Coming-of-age films are often lazy and self-indulgent. The impulse to relive a time of possibility, first kisses and big dreams, can feel like an attempt to avoid the challenges of adult life. Still, this year has yielded several that are strong, poignant, and surprising. Premature dealt beautifully with a young woman’s final summer before college; Beats captured class dynamics, police violence, and the euphoria of dance parties; Shithouse faced the awkwardness of college students and created a moving romance. These, and many others, prove that, in the right hands, we can see familiar stories with fresh eyes.
While 18 to Party does not join their company, it remains a fascinating experiment. “Experiment” is perhaps a strange word for a film that so clearly harkens back to classics like Stand by Me, The Breakfast Club, and Dazed and Confused, and that hits so many coming-of-age movie buttons. Here, there is a trip to a spooky construction site, arguments about music (U2 stole their sound from the Alarm, one teen claims), and knowing complaints about parents. Yet the movie is built entirely around a period of waiting.
The year is 1984, the place is upstate New York, school has just started, and a group of eighth graders are waiting to get inside a nightclub. The older high school kids, who are all stylish, attractive, and cigarette toting, gather in front, while the younger kids are banished to the back of the building, unsure if they will be let inside. As we wait with them, we learn about their struggles, which involve neglectful parents, the trauma of recent suicides of classmates, and their relationships with each other. There is also repeated talk of a UFO sighting, and a community meeting on the subject is presumably what occupies their ex-hippie parents.

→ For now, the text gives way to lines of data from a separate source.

lemma eventually_den_reduced_neq_0:
  "\<forall>\<^sub>F z in nhds (0::'a::real_normed_field). \<forall>k\<in>{2..m}. den_reduced k z \<noteq> 0"
proof (rule eventually_ball_finite)
  show "\<forall>k\<in>{2..m}. \<forall>\<^sub>F z in nhds 0. den_reduced k z \<noteq> (0::'a)"
  proof
    fix k :: nat
    assume "k \<in> {2..m}"
    moreover have "isCont (den_reduced k) (0::'a)"
      by (rule field_differentiable_imp_continuous_at) (rule den_reduced_field_differentiable)
    ultimately show "\<forall>\<^sub>F z in nhds 0. den_reduced k z \<noteq> (0::'a)"
      by (intro tendsto_imp_eventually_ne[of _ "den_reduced k 0"])
         (auto simp: isCont_def tendsto_nhds_iff den_reduced_0_neq_0)
  qed
qed simp

(* The factor z marks the pairs (j, m - j) of even indices with m even, whose vanishing orders
   exceed that of Rbar m by one. *)
fun Rbar_reduced :: "nat \<Rightarrow> 'a::field \<Rightarrow> 'a" where
  "Rbar_reduced 0 z = 0"
| "Rbar_reduced (Suc 0) z = 1"
| "Rbar_reduced (Suc (Suc k)) z =
     - (3 + z) * (\<Sum>j\<in>{1..Suc k}. z ^ of_bool (even k \<and> even j)
                    * Rbar_reduced j z * Rbar_reduced (Suc (Suc k) - j) z)
     / den_reduced (Suc (Suc k)) z"

lemma Rbar_rec:
  "2 \<le> m \<Longrightarrow> Rbar m z = - (3 + z) * (\<Sum>j\<in>{1..m-1}. Rbar j z * Rbar (m - j) z)
                         / ((-1) ^ m * (1 + z) ^ m + (1 + z))"
proof -
  assume "2 \<le> m"
  then obtain k where "m = Suc (Suc k)"
    by (metis add_2_eq_Suc le_Suc_ex)
  then show ?thesis
    by (simp only: Rbar.simps diff_Suc_1)
qed

lemma Rbar_reduced_rec:
  "2 \<le> m \<Longrightarrow> Rbar_reduced m z
     = - (3 + z) * (\<Sum>j\<in>{1..m-1}. z ^ of_bool (even m \<and> even j) * Rbar_reduced j z * Rbar_reduced (m - j) z)
       / den_reduced m z"
proof -
  assume "2 \<le> m"
  then obtain k where "m = Suc (Suc k)"
    by (metis add_2_eq_Suc le_Suc_ex)
  then show ?thesis
    by simp
qed

lemma Rbar_eq_reduced:
  fixes z :: "'a::field"
  assumes "z \<noteq> 0" and "\<forall>k\<in>{2..m}. den_reduced k z \<noteq> 0"
  shows "Rbar m z = z ^ rbar_order m * Rbar_reduced m z"
  using assms(2)
proof (induction m rule: less_induct)
  case (less m)
  show ?case
  proof (cases "2 \<le> m")
    case False
    then consider "m = 0" | "m = 1" by linarith
    then show ?thesis by cases (simp_all add: rbar_order_def)
  next
    case True
    define p where "p = rbar_order m + of_bool (odd m)"
    have "Rbar j z * Rbar (m - j) z
        = z ^ p * (z ^ of_bool (even m \<and> even j) * Rbar_reduced j z * Rbar_reduced (m - j) z)"
      if "j \<in> {1..m-1}" for j
    proof -
      have j: "1 \<le> j" "j < m"
        using that True by auto
      then have "Rbar j z * Rbar (m - j) z
          = z ^ (rbar_order j + rbar_order (m - j)) * (Rbar_reduced j z * Rbar_reduced (m - j) z)"
        using less by (simp add: power_add mult_ac)
      also have "rbar_order j + rbar_order (m - j) = p + of_bool (even m \<and> even j)"
        using rbar_order_add[OF j] by (simp add: p_def)
      finally show ?thesis
        by (simp add: power_add mult_ac)
    qed
    then have "(\<Sum>j\<in>{1..m-1}. Rbar j z * Rbar (m - j) z)
        = z ^ p * (\<Sum>j\<in>{1..m-1}. z ^ of_bool (even m \<and> even j)
                                     * Rbar_reduced j z * Rbar_reduced (m - j) z)"
      by (simp add: sum_distrib_left)
    then have "Rbar m z = - (3 + z) * (z ^ p * (\<Sum>j\<in>{1..m-1}. z ^ of_bool (even m \<and> even j)
                  * Rbar_reduced j z * Rbar_reduced (m - j) z))
                  / (z ^ of_bool (odd m) * den_reduced m z)"
      using True by (simp add: Rbar_rec denominator_factor)
    also have "\<dots> = z ^ rbar_order m * Rbar_reduced m z"
      using True less.prems assms(1) by (simp add: Rbar_reduced_rec p_def power_add)
    finally show ?thesis .
  qed
qed

lemma Rbar_reduced_field_differentiable:
  fixes z :: "'a::real_normed_field"
  assumes "\<forall>k\<in>{2..m}. den_reduced k z \<noteq> 0"
  shows "Rbar_reduced m field_differentiable (at z)"
  using assms
proof (induction m rule: less_induct)
  case (less m)
  show ?case
  proof (cases "2 \<le> m")
    case False
    then consider "m = 0" | "m = 1" by linarith
    then show ?thesis by cases simp_all
  next
    case True
    then have "Rbar_reduced m = (\<lambda>z::'a. - (3 + z) * (\<Sum>j\<in>{1..m-1}. z ^ of_bool (even m \<and> even j)
                   * Rbar_reduced j z * Rbar_reduced (m - j) z) / den_reduced m z)"
      by (simp add: fun_eq_iff Rbar_reduced_rec)
    then show ?thesis
      using True less by (auto intro!: derivative_intros)
  qed
qed

lemma eventually_Rbar_eq_reduced:
  "\<forall>\<^sub>F z in at (0::'a::real_normed_field). Rbar m z = z ^ rbar_order m * Rbar_reduced m z"
proof -
  have "\<forall>\<^sub>F z in at (0::'a). \<forall>k\<in>{2..m}. den_reduced k z \<noteq> 0"
    using eventually_den_reduced_neq_0[of m] by (auto simp: eventually_at_filter elim: eventually_mono)
  moreover have "\<forall>\<^sub>F z in at (0::'a). z \<noteq> 0"
    by (simp add: eventually_at_filter)
  ultimately show ?thesis
    by eventually_elim (rule Rbar_eq_reduced)
qed

lemma Rbar_reduced_analytic: "Rbar_reduced m analytic_on {0::complex}"
proof -
  obtain e where "e > 0" and e: "\<forall>z\<in>ball 0 e. \<forall>k\<in>{2..m}. den_reduced k z \<noteq> (0::complex)"
    using eventually_den_reduced_neq_0[of m] by (auto simp: eventually_nhds_metric ball_def dist_commute)
  have "Rbar_reduced m field_differentiable (at z)" if "z \<in> ball 0 e" for z :: complex
  proof (rule Rbar_reduced_field_differentiable)
    show "\<forall>k\<in>{2..m}. den_reduced k z \<noteq> 0"
      using e that by blast
  qed
  then have "Rbar_reduced m holomorphic_on ball 0 e"
    by (simp add: holomorphic_on_def field_differentiable_at_within)
  with \<open>e > 0\<close> show ?thesis
    by (auto simp: analytic_on_def)
qed

lemma a_coef_pochhammer: "a_coef n = (-9) ^ n * pochhammer (1/2) n / fact n"
proof -
  have "(1/2::real) \<notin> \<int>\<^sub>\<le>\<^sub>0"
    by (auto dest: nonpos_Ints_nonpos)
  then show ?thesis
    by (simp add: a_coef_def pochhammer_Gamma Gamma_one_half_real add.commute)
qed

lemma a_coef_gbinomial: "a_coef n = 9 ^ n * ((-1/2) gchoose n)"
  by (simp add: a_coef_pochhammer gbinomial_pochhammer power_mult_distrib[symmetric])

lemma a_coef_convolution: "(\<Sum>p\<le>n. a_coef p * a_coef (n - p)) = (-9) ^ n"
proof -
  have "a_coef p * a_coef (n - p) = 9 ^ n * (((-1/2) gchoose p) * ((-1/2) gchoose (n - p)))"
    if "p \<le> n" for p
  proof -
    have "a_coef p * a_coef (n - p)
        = (9 ^ p * 9 ^ (n - p)) * (((-1/2) gchoose p) * ((-1/2) gchoose (n - p)))"
      by (simp add: a_coef_gbinomial mult_ac)
    also have "(9::real) ^ p * 9 ^ (n - p) = 9 ^ n"
      using that by (simp flip: power_add)
    finally show ?thesis .
  qed
  then have "(\<Sum>p\<le>n. a_coef p * a_coef (n - p))
      = 9 ^ n * (\<Sum>p\<le>n. ((-1/2) gchoose p) * ((-1/2) gchoose (n - p)))"
    unfolding sum_distrib_left by (intro sum.cong refl) simp
  also have "(\<Sum>p\<le>n. ((-1/2::real) gchoose p) * ((-1/2) gchoose (n - p))) = (-1) gchoose n"
    using gbinomial_Vandermonde[of "-1/2::real" "-1/2" n] by (simp add: atMost_atLeast0)
  also have "((-1::real) gchoose n) = (-1) ^ n"
    using gbinomial_minus[of "1::real" n] by (simp add: binomial_gbinomial[symmetric])
  finally show ?thesis
    by (simp add: power_mult_distrib[symmetric])
qed

lemma sum_pochhammer_half:
  "(\<Sum>q<n. pochhammer (1/2::real) q / fact q) = 2 * n * (pochhammer (1/2) n / fact n)"
proof (induction n)
  case (Suc n)
  then show ?case
    by (simp add: pochhammer_Suc divide_simps) (simp add: algebra_simps)
qed simp

lemma c_a_coef_convolution:
  "(\<Sum>p<Suc n. c_coef (Suc p) * a_coef (n - p)) = real (Suc n) / 3 * a_coef (Suc n)"
proof -
  define b where "b q = pochhammer (1/2::real) q / fact q" for q
  have a_b: "a_coef q = (-9) ^ q * b q" for q
    by (simp add: b_def a_coef_pochhammer)
  have sum_b: "(\<Sum>q<N. b q) = 2 * real N * b N" for N
    by (simp add: b_def sum_pochhammer_half)
  have "c_coef (Suc p) * a_coef (n - p) = (-9) ^ Suc n / 6 * b (Suc n - Suc p)" if "p < Suc n" for p
  proof -
    have "c_coef (Suc p) * a_coef (n - p) = ((-9) ^ Suc p * (-9) ^ (n - p)) / 6 * b (n - p)"
      by (simp add: c_coef_def a_b)
    also have "(-9::real) ^ Suc p * (-9) ^ (n - p) = (-9) ^ Suc n"
      using that by (simp flip: power_add)
    finally show ?thesis
      by simp
  qed
  then have "(\<Sum>p<Suc n. c_coef (Suc p) * a_coef (n - p))
      = (-9) ^ Suc n / 6 * (\<Sum>p<Suc n. b (Suc n - Suc p))"
    unfolding sum_distrib_left by (intro sum.cong refl) simp
  also have "(\<Sum>p<Suc n. b (Suc n - Suc p)) = 2 * real (Suc n) * b (Suc n)"
    by (simp only: sum.nat_diff_reindex sum_b)
  finally show ?thesis
    by (simp add: a_b)
qed

definition lead_coef :: "nat \<Rightarrow> real" where
  "lead_coef m = (if odd m then a_coef (m div 2) else if m = 0 then 0 else c_coef (m div 2))"

lemma lead_coef_odd [simp]: "lead_coef (Suc (2 * p)) = a_coef p"
  by (simp add: lead_coef_def)

lemma sum_atLeast1_eq_lessThan:
  fixes f :: "nat \<Rightarrow> 'a::comm_monoid_add"
  assumes "f 0 = 0"
  shows "(\<Sum>j\<in>{1..m-1}. f j) = (\<Sum>j<m. f j)"
proof (cases m)
  case (Suc k)
  then show ?thesis
    using assms by (simp add: lessThan_Suc_atMost atLeast0AtMost[symmetric] sum.atLeast_Suc_atMost)
qed simp

lemma sum_lessThan_double:
  "(\<Sum>j<2 * n. f j) = (\<Sum>p<n. f (2 * p)) + (\<Sum>p<n. f (Suc (2 * p)))"
  by (induction n) (simp_all add: algebra_simps)

lemma lead_coef_rec_even:
  assumes m: "m = 2 * (n + 1)"
  shows "(\<Sum>j\<in>{1..m-1}. 0 ^ of_bool (even j) * lead_coef j * lead_coef (m - j)) = (-9) ^ n"
proof -
  define f where "f j = 0 ^ of_bool (even j) * lead_coef j * lead_coef (m - j)" for j
  have "(\<Sum>j\<in>{1..m-1}. f j) = (\<Sum>p<n+1. f (2*p)) + (\<Sum>p<n+1. f (Suc (2*p)))"
    using sum_atLeast1_eq_lessThan[of f m] by (simp add: f_def m sum_lessThan_double)
  also have "(\<Sum>p<n+1. f (2*p)) = 0"
    by (simp add: f_def)
  also have "(\<Sum>p<n+1. f (Suc (2*p))) = (\<Sum>p\<le>n. a_coef p * a_coef (n - p))"
  proof (rule sum.cong)
    fix p assume "p \<in> {..n}"
    then have "m - Suc (2*p) = Suc (2 * (n - p))"
      by (simp add: m)
    then show "f (Suc (2*p)) = a_coef p * a_coef (n - p)"
      by (simp add: f_def)
  qed (simp add: lessThan_Suc_atMost)
  finally show ?thesis
    by (simp add: f_def a_coef_convolution)
qed

lemma lead_coef_rec_odd:
  assumes m: "m = 2 * n + 3"
  shows "(\<Sum>j\<in>{1..m-1}. lead_coef j * lead_coef (m - j)) = 2 * real (Suc n) / 3 * a_coef (Suc n)"
proof -
  define f where "f j = lead_coef j * lead_coef (m - j)" for j
  define T where "T = (\<Sum>p<Suc (Suc n). f (2*p))"
  have "f 0 = 0" "f m = 0"
    by (simp_all add: f_def lead_coef_def)
  then have "(\<Sum>j\<in>{1..m-1}. f j) = (\<Sum>j<Suc m. f j)"
    using sum_atLeast1_eq_lessThan[of f m] by simp
  also have "\<dots> = (\<Sum>j<2 * Suc (Suc n). f j)"
    by (rule arg_cong[where f = "\<lambda>N. \<Sum>j<N. f j"]) (simp add: m)
  also have "\<dots> = T + (\<Sum>p<Suc (Suc n). f (Suc (2*p)))"
    by (simp only: sum_lessThan_double T_def)
  also have "(\<Sum>p<Suc (Suc n). f (Suc (2*p))) = T"
    unfolding T_def sum.nat_diff_reindex[of "\<lambda>p. f (Suc (2*p))", symmetric]
  proof (rule sum.cong)
    fix i assume "i \<in> {..<Suc (Suc n)}"
    then have "m - Suc (2 * (Suc (Suc n) - Suc i)) = 2 * i" "m - 2 * i = Suc (2 * (Suc (Suc n) - Suc i))"
      by (auto simp: m)
    then show "f (Suc (2 * (Suc (Suc n) - Suc i))) = f (2 * i)"
      unfolding f_def by (simp only: mult.commute)
  qed simp
  also have "T = (\<Sum>p<Suc n. c_coef (Suc p) * a_coef (n - p))"
  proof -
    have "T = (\<Sum>p<Suc n. f (2 * Suc p))"
      unfolding T_def sum.lessThan_Suc_shift using \<open>f 0 = 0\<close> by simp
    also have "\<dots> = (\<Sum>p<Suc n. c_coef (Suc p) * a_coef (n - p))"
    proof (rule sum.cong)
      fix p assume "p \<in> {..<Suc n}"
      then have "m - 2 * Suc p = Suc (2 * (n - p))"
        by (simp add: m)
      then show "f (2 * Suc p) = c_coef (Suc p) * a_coef (n - p)"
        by (simp add: f_def lead_coef_def)
    qed simp
    finally show ?thesis .
  qed
  finally show ?thesis
    unfolding c_a_coef_convolution f_def by (simp add: field_simps)
qed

Writer/director Jeff Roda makes a concerted effort to give each character depth and a revealing dramatic moment. His dialogue has a naturalistic rhythm, lightly peppered with period-specific comments, such as on Reagan’s presidency, and to illuminate some pressing concerns, like watching childhood friends change beyond recognition. However, some characters are more developed than others, and there might be a few too many of them to focus on, given the 80-minute running time. Still, the young actors do well with the material.
Nevertheless, there are some ways in which Roda does not go far enough to vary the rhythm of his piece, and other ways in which he tries too hard. In spite of his close attention to the characters, he has them arguing among each other for too long to fully hold our attention. Roda relies on the kids belittling one another so much that he begins to chip away at the naturalistic flow of the dialogue.
On the other hand, while some of the more dramatic events are strong, others come across as underdeveloped attempts to keep the film from stagnating. Many of the less successful moments come toward the end, where too many incidents are crammed in. While the actors are mostly strong, one feels for Alivia Clark, as Amy, whose function is to carry exposition, provide the obligatory first kiss, and set off one of the least convincing events.
While this film does not entirely succeed, it is still likely to scratch the itch of those with a soft spot for the genre.